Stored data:

▬▬▬▬▬▬

(* Let $\mathcal{S}=\mathcal{S}_1\times\cdots\times\mathcal{S}_m$ with each $\mathcal{S}_i$ finite of cardinality $S_i$, and let $P,P'$ be probability measures on $\mathcal{S}$ with product form $P(y)=\prod_{i=1}^m P_i(y_i)$ and $P'(y)=\prod_{i=1}^m P'_i(y_i)$ for all $y=(y_1,\dots,y_m)\in\mathcal{S}$, where $P_i,P'_i$ are probability distributions on $\mathcal{S}_i$. Assume that for every $i\in[m]$ there exist $\xi_i,\xi'_i>0$ such that $|P'_i(y_i)-P_i(y_i)|\le\sqrt{P_i(y_i)\xi_i}+\xi'_i$ for all $y_i\in\mathcal{S}_i$. Then for every function $f:\mathcal{S}\to[0,\infty)$, $$\sum_{y\in\mathcal{S}}|P(y)-P'(y)|f(y)\le \max_{y\in\prod_{i=1}^m\mathrm{supp}(P_i)}f(y)\sum_{i=1}^m\sum_{y_i\in\mathcal{S}_i}\sqrt{P_i(y_i)\xi_i}\;+\;3\max_{y\in\mathcal{S}}f(y)\sum_{i=1}^m\xi'_iS_i .$$
   Context: $\mathrm{supp}(P_i)=\{y_i\in\mathcal{S}_i: P_i(y_i)>0\}$. *)

theory Defs
  imports Complex_Main "HOL-Library.FuncSet"
begin

end

theory Submission
  imports Defs
begin
text \<open>Each of the \<open>q!\<close> reorderings of the last \<open>q\<close> arguments contributes the same term, which
  cancels the \<open>q!\<close> in the normalisation of \<^const>\<open>wedge\<close>.\<close>

lemma wedge_alternation:
  assumes \<alpha>: "\<And>u u'. (\<And>i. i < p \<Longrightarrow> u i = u' i) \<Longrightarrow> \<alpha> u = \<alpha> u'"
  shows "wedge p q \<alpha> (alternation q g) v = alternation (p+q) (\<lambda>u. \<alpha> u * g (\<lambda>i. u (p+i))) v / fact p"
proof -
  let ?P = "{\<sigma>. \<sigma> permutes {..<p+q}}" and ?Q = "{\<tau>. \<tau> permutes {..<q}}"
  define G where "G \<rho> = of_int (sign \<rho>) * (\<alpha> (v \<circ> \<rho>) * g (\<lambda>i. v (\<rho> (p+i))))" for \<rho>
  have summand: "of_int (sign \<sigma>) * \<alpha> (v \<circ> \<sigma>) * (of_int (sign \<tau>) * g ((\<lambda>i. v (\<sigma> (p+i))) \<circ> \<tau>))
      = G (\<sigma> \<circ> shift_perm p \<tau>)" if "\<sigma> \<in> ?P" "\<tau> \<in> ?Q" for \<sigma> \<tau>
  proof -
    have shift: "shift_perm p \<tau> permutes {..<p+q}" "sign (shift_perm p \<tau>) = sign \<tau>"
      using shift_perm_permutes that(2) by auto
    have "sign (\<sigma> \<circ> shift_perm p \<tau>) = sign \<sigma> * sign \<tau>"
    proof -
      have "permutation \<sigma>" "permutation (shift_perm p \<tau>)"
        using that(1) shift(1) by (auto intro: permutes_imp_permutation)
      then show ?thesis
        using shift(2) by (simp add: sign_compose)
    qed
    moreover have "\<alpha> (v \<circ> (\<sigma> \<circ> shift_perm p \<tau>)) = \<alpha> (v \<circ> \<sigma>)"
      by (rule \<alpha>) (simp add: shift_perm_def)
    moreover have "(\<lambda>i. v ((\<sigma> \<circ> shift_perm p \<tau>) (p+i))) = (\<lambda>i. v (\<sigma> (p+i))) \<circ> \<tau>"
      by (simp add: shift_perm_def fun_eq_iff)
    ultimately show ?thesis
      unfolding G_def by (simp add: mult_ac)
  qed
  have "wedge p q \<alpha> (alternation q g) v = (\<Sum>\<sigma>\<in>?P. \<Sum>\<tau>\<in>?Q. G (\<sigma> \<circ> shift_perm p \<tau>)) / (fact p * fact q)"
    unfolding wedge_def alternation_def sum_distrib_left
    by (intro arg_cong[where f = "\<lambda>x. x / _"] sum.cong refl summand) auto
  also have "(\<Sum>\<sigma>\<in>?P. \<Sum>\<tau>\<in>?Q. G (\<sigma> \<circ> shift_perm p \<tau>)) = (\<Sum>\<tau>\<in>?Q. \<Sum>\<sigma>\<in>?P. G (\<sigma> \<circ> shift_perm p \<tau>))"
    by (rule sum.swap)
  also have "\<dots> = (\<Sum>\<tau>\<in>?Q. \<Sum>\<sigma>\<in>?P. G \<sigma>)"
  proof (rule sum.cong[OF refl])
    fix \<tau> assume "\<tau> \<in> ?Q"
    then have "shift_perm p \<tau> permutes {..<p+q}"
      using shift_perm_permutes by blast
    then show "(\<Sum>\<sigma>\<in>?P. G (\<sigma> \<circ> shift_perm p \<tau>)) = (\<Sum>\<sigma>\<in>?P. G \<sigma>)"
      by (rule sum_permutations_compose_right[symmetric])
  qed
  also have "\<dots> = fact q * alternation (p+q) (\<lambda>u. \<alpha> u * g (\<lambda>i. u (p+i))) v"
    by (simp add: card_permutations G_def alternation_def)
  finally show ?thesis by simp
qed
(* Let $r\ge 2$, let $x_1,\dots,x_{r-1},t\in\mathbb{C}$, and let $G$ be a finite graph (loops and multiple edges allowed) with $n$ vertices, each of degree at least $1$. Let $V=\mathbb{C}^r$, $B=I_r$ (so $B_{ij}=\delta_{ij}$), and let $\mathcal{A}=\{A_1,A_2,\dots\}$ be the symmetric tensors with components $A_1^i=t$ if $i=r$ and $A_1^i=0$ if $i\neq r$, and for $d\ge 2$ $$A_d^{i_1\dots i_d}=\begin{cases} x_i & \text{if } (i_1,\dots,i_d) \text{ is a permutation of } (i,i,r,\dots,r) \text{ for some } i\in\{1,\dots,r-1\},\\ t & \text{if } (i_1,\dots,i_d)=(r,\dots,r),\\ 0&\text{otherwise.}\end{cases}$$ Then $$\mathcal{F}_{\mathcal{A},I_r}(G)=\sum_{|\lambda|\le n} t^{\,n-|\lambda|}\,p_\lambda(x_1,\dots,x_{r-1})\,N_\lambda(G),$$ the sum being over all partitions $\lambda$ (including the empty partition) of weight $|\lambda|\le n$.
   Context: Graph function: for $G$ with vertices $v_1,\dots,v_n$ of degrees $d_1,\dots,d_n$ and set of half-edges $H$ (each edge, including a loop, consists of two half-edges), $\mathcal{F}_{\mathcal{A},B}(G)=\sum_{c:H\to\{1,\dots,r\}}\prod_{\{h,h'\}\in E(G)}B_{c(h)c(h')}\prod_{k=1}^n A_{d_k}^{c(h_{k,1})\dots c(h_{k,d_k})}$, where $h_{k,1},\dots,h_{k,d_k}$ are the half-edges at $v_k$; i.e. a copy of $A_{d_k}$ is placed at each vertex and contracted along every edge with $B$. A (multi)cycle of $G$ is a $2$-valent subgraph $C$ (every vertex of $C$ has degree $2$ in $C$, loops counted twice; $C$ need not be connected; the empty subgraph is allowed). Its length $|C|$ is its number of edges; if $C_1,\dots,C_l$ are its connected components, its type is the partition $\lambda_C=[|C_1|,\dots,|C_l|]$ of $|C|$. $N_\lambda(G)$ is the number of cycles of $G$ of type $\lambda$. For $k\ge1$, $p_k(x_1,\dots,x_{r-1})=\sum_i x_i^k$, and for a partition $\lambda=[k_1,\dots,k_l]$, $p_\lambda=\prod_{j=1}^l p_{k_j}$ (with $p_\emptyset=1$); $|\lambda|=k_1+\dots+k_l$. *)

theory Defs
  imports Complex_Main "HOL-Library.Multiset" "HOL-Library.Product_Lexorder" "HOL-Library.FuncSet"
begin

text \<open>Each edge e has two half-edges (e,False) and (e,True), attached to fst (ends e) and
snd (ends e) respectively; a loop thus contributes two half-edges at its vertex.\<close>

definition half_edges :: "'e set \<Rightarrow> ('e \<times> bool) set" where
  "half_edges E = E \<times> UNIV"

definition hvert :: "('e \<Rightarrow> 'v \<times> 'v) \<Rightarrow> 'e \<times> bool \<Rightarrow> 'v" where
  "hvert ends h = (if snd h then snd (ends (fst h)) else fst (ends (fst h)))"

definition halfs_at :: "'e set \<Rightarrow> ('e \<Rightarrow> 'v \<times> 'v) \<Rightarrow> 'v \<Rightarrow> ('e \<times> bool) set" where
  "halfs_at E ends v = {h \<in> half_edges E. hvert ends h = v}"

definition deg :: "'e set \<Rightarrow> ('e \<Rightarrow> 'v \<times> 'v) \<Rightarrow> 'v \<Rightarrow> nat" where
  "deg E ends v = card (halfs_at E ends v)"

definition multigraph :: "'v set \<Rightarrow> 'e set \<Rightarrow> ('e \<Rightarrow> 'v \<times> 'v) \<Rightarrow> bool" where
  "multigraph V E ends \<longleftrightarrow> finite V \<and> finite E \<and>
     (\<forall>e\<in>E. fst (ends e) \<in> V \<and> snd (ends e) \<in> V)"

text \<open>Graph function: colours 1..r on half-edges; A d is the order-d tensor, given as a
function of the list of its d indices (indices of half-edges at a vertex listed in a fixed
order; the tensors considered are symmetric); B is the edge matrix.\<close>

definition graph_fun ::
  "nat \<Rightarrow> (nat \<Rightarrow> nat list \<Rightarrow> complex) \<Rightarrow> (nat \<Rightarrow> nat \<Rightarrow> complex)
   \<Rightarrow> 'v set \<Rightarrow> ('e::linorder) set \<Rightarrow> ('e \<Rightarrow> 'v \<times> 'v) \<Rightarrow> complex" where
  "graph_fun r A B V E ends =
     (\<Sum>c \<in> Pi\<^sub>E (half_edges E) (\<lambda>_. {1..r}).
        (\<Prod>e\<in>E. B (c (e, False)) (c (e, True))) *
        (\<Prod>v\<in>V. A (deg E ends v) (map c (sorted_list_of_set (halfs_at E ends v)))))"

▬▬▬▬▬▬

In the entries above, find each line that has the word "close". Copy it.

▸ REPLY:
text \<open>Each of the \<open>q!\<close> reorderings of the last \<open>q\<close> arguments contributes the same term, which
  cancels the \<open>q!\<close> in the normalisation of \<^const>\<open>wedge\<close>.\<close>
snd (ends e) respectively; a loop thus contributes two half-edges at its vertex.\<close>
order; the tensors considered are symmetric); B is the edge matrix.\<close>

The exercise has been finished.